*WORK INSTRUCTIONS*
From the line containing "using mu_lambdaD_0_1[OF C(2,1)]" to the final line of the entries, every line is to be reproduced exactly; no other line belongs in the output.

*EXCERPTED RECORDS*
theorem mainTheorem5:
  fixes \<phi> \<alpha> K0 \<eta> \<rho> \<Lambda> :: real and \<sigma> :: "real measure"
  defines "\<nu> \<equiv> \<eta> / \<rho>"
    and "F \<equiv> \<alpha> / \<phi>"
  defines "C2 \<equiv> F * K0 / \<nu>"
  defines "C1 \<equiv> 4 * C2 * F * K0 / \<Lambda>\<^sup>2"
  defines "\<xi>p \<equiv> (C1 + sqrt (C1\<^sup>2 + 4 * C2\<^sup>2)) / 2"
    and "a \<equiv> \<eta> * \<phi> / (\<rho> * K0)"
  defines "r \<equiv> 2 * C2 * sqrt (\<xi>p * (\<xi>p - C1)) / (2 * \<xi>p - C1)"
    and "T \<equiv> (\<lambda>\<omega>::real. \<i> * complex_of_real (\<eta> * \<phi> / (\<omega> * \<rho>)) * inverse (KD K0 C1 C2 \<omega>))"
  assumes "0 < \<phi>" and "\<phi> < 1" and "0 < \<alpha>" and "0 < K0" and "0 < \<eta>" and "0 < \<rho>" and "0 < \<Lambda>"
    and "sets \<sigma> = sets borel" and "finite_measure \<sigma>"
    and "emeasure \<sigma> (- {0..\<xi>p}) = 0"
    and "\<forall>\<omega>::real. \<omega> \<noteq> 0 \<longrightarrow>
           T \<omega> = \<i> * complex_of_real (a / \<omega>)
                 + (\<integral>t. 1 / (1 - \<i> * complex_of_real (\<omega> * t)) \<partial>\<sigma>)"
  shows "(\<forall>\<omega>::real. \<omega> \<noteq> 0 \<longrightarrow>
            (let s = - \<i> * complex_of_real \<omega> in
               T \<omega> - \<i> * complex_of_real (a / \<omega>)
                 = complex_of_real \<alpha> + complex_of_real \<alpha> * (csqrt (1 + complex_of_real C1 * s) - 1)
                                          / (complex_of_real C2 * s)
             \<and> T \<omega> - \<i> * complex_of_real (a / \<omega>)
                 = (\<integral>t. 1 / (1 + s * complex_of_real t) \<partial>\<sigma>)))
       \<and> (\<integral>t. t ^ 0 \<partial>\<sigma>) = \<alpha> + 2 * K0 * \<alpha>\<^sup>2 / (\<phi> * \<Lambda>\<^sup>2)
       \<and> (\<forall>k::nat. k \<ge> 1 \<longrightarrow>
            (\<integral>t. t ^ k \<partial>\<sigma>) = C1 ^ (k + 1) * \<alpha> / (fact (k + 1) * 2 ^ (k + 1) * C2)
                                 * (\<Prod>j=1..k. 2 * real j - 1))
       \<and> \<Lambda> = sqrt (2 * K0 * \<alpha>\<^sup>2 / (\<phi> * ((\<integral>t. t ^ 0 \<partial>\<sigma>) - \<alpha>)))
       \<and> \<Lambda> = sqrt (2 * K0 * \<alpha> / (\<phi> * (mu_lambdaD C1 C2 r \<xi>p 1 / (mu_lambdaD C1 C2 r \<xi>p 0)\<^sup>2 - 1)))"
proof -
  have pos: "0 < \<phi>" "0 < \<alpha>" "0 < K0" "0 < \<eta>" "0 < \<rho>" "0 < \<Lambda>"
    using assms(9,11-15) by auto
  then have C: "0 < C2" "0 < C1"
    by (simp_all add: C1_def C2_def F_def \<nu>_def)
  have aC2: "a * C2 = \<alpha>"
    using pos by (simp add: a_def C2_def F_def \<nu>_def field_simps)
  have xi: "C1 \<le> \<xi>p" "0 < \<xi>p"
    using C real_sqrt_le_mono[of "C1\<^sup>2" "C1\<^sup>2 + 4 * C2\<^sup>2"] by (auto simp: \<xi>p_def)
  have closed_form: "T \<omega> - \<i> * of_real (a / \<omega>) = of_real \<alpha> + of_real \<alpha> * (csqrt (1 + of_real C1 * (- \<i> * of_real \<omega>)) - 1)
                                                  / (of_real C2 * (- \<i> * of_real \<omega>))" if "\<omega> \<noteq> 0" for \<omega>
  proof -
    have "\<eta> * \<phi> / (\<omega> * \<rho>) = a * K0 / \<omega>"
      using pos by (simp add: a_def field_simps)
    then have "T \<omega> = \<i> * of_real (a * K0 / \<omega>) * inverse (KD K0 C1 C2 \<omega>)"
      unfolding T_def by (simp only:)
    then show ?thesis
      using KD_tortuosity_closed_form[OF that, of K0 C2 a C1] pos C unfolding aC2 by simp
  qed
  have stieltjes: "T \<omega> - \<i> * of_real (a / \<omega>) = (\<integral>t. 1 / (1 + (- \<i> * of_real \<omega>) * of_real t) \<partial>\<sigma>)"
    if "\<omega> \<noteq> 0" for \<omega>
    using assms(19) that by (simp add: mult.assoc)
  have "AE t in \<sigma>. t \<in> {0..\<xi>p}"
    using assms(16,18) by (intro AE_I[of _ _ "- {0..\<xi>p}"]) (auto simp: sets_eq_imp_space_eq)
  then have support: "AE t in \<sigma>. \<bar>t\<bar> \<le> \<xi>p"
    by eventually_elim auto
  have moments: "(\<integral>t. t ^ k \<partial>\<sigma>) = (if k = 0 then \<alpha> else 0)
      + C1 ^ (k + 1) * \<alpha> / (fact (k + 1) * 2 ^ (k + 1) * C2) * (\<Prod>j=1..k. 2 * real j - 1)" for k
    using C xi closed_form stieltjes
    by (intro moments_of_sqrt_stieltjes_transform[OF assms(16,17) support]) auto
  have mu0: "(\<integral>t. t ^ 0 \<partial>\<sigma>) = \<alpha> + 2 * K0 * \<alpha>\<^sup>2 / (\<phi> * \<Lambda>\<^sup>2)"
    using moments[of 0] pos by (simp add: C1_def C2_def F_def \<nu>_def field_simps power2_eq_square)
  have lambda_ratio: "mu_lambdaD C1 C2 r \<xi>p 1 / (mu_lambdaD C1 C2 r \<xi>p 0)\<^sup>2 - 1 = C1 / (2 * C2)"
    using mu_lambdaD_0_1[OF C(2,1)] C by (simp add: \<xi>p_def r_def field_simps power2_eq_square)
  have "2 * K0 * \<alpha>\<^sup>2 / (\<phi> * ((\<integral>t. t ^ 0 \<partial>\<sigma>) - \<alpha>)) = \<Lambda>\<^sup>2"
    and "2 * K0 * \<alpha> / (\<phi> * (C1 / (2 * C2))) = \<Lambda>\<^sup>2"
    using pos C unfolding mu0 by (simp_all add: C1_def F_def field_simps power2_eq_square)
  then show ?thesis
    using closed_form stieltjes moments mu0 pos lambda_ratio by (simp add: Let_def)
qed

end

*RESPONSE TO THE TASK*
    using mu_lambdaD_0_1[OF C(2,1)] C by (simp add: \<xi>p_def r_def field_simps power2_eq_square)
  have "2 * K0 * \<alpha>\<^sup>2 / (\<phi> * ((\<integral>t. t ^ 0 \<partial>\<sigma>) - \<alpha>)) = \<Lambda>\<^sup>2"
    and "2 * K0 * \<alpha> / (\<phi> * (C1 / (2 * C2))) = \<Lambda>\<^sup>2"
    using pos C unfolding mu0 by (simp_all add: C1_def F_def field_simps power2_eq_square)
  then show ?thesis
    using closed_form stieltjes moments mu0 pos lambda_ratio by (simp add: Let_def)
qed

end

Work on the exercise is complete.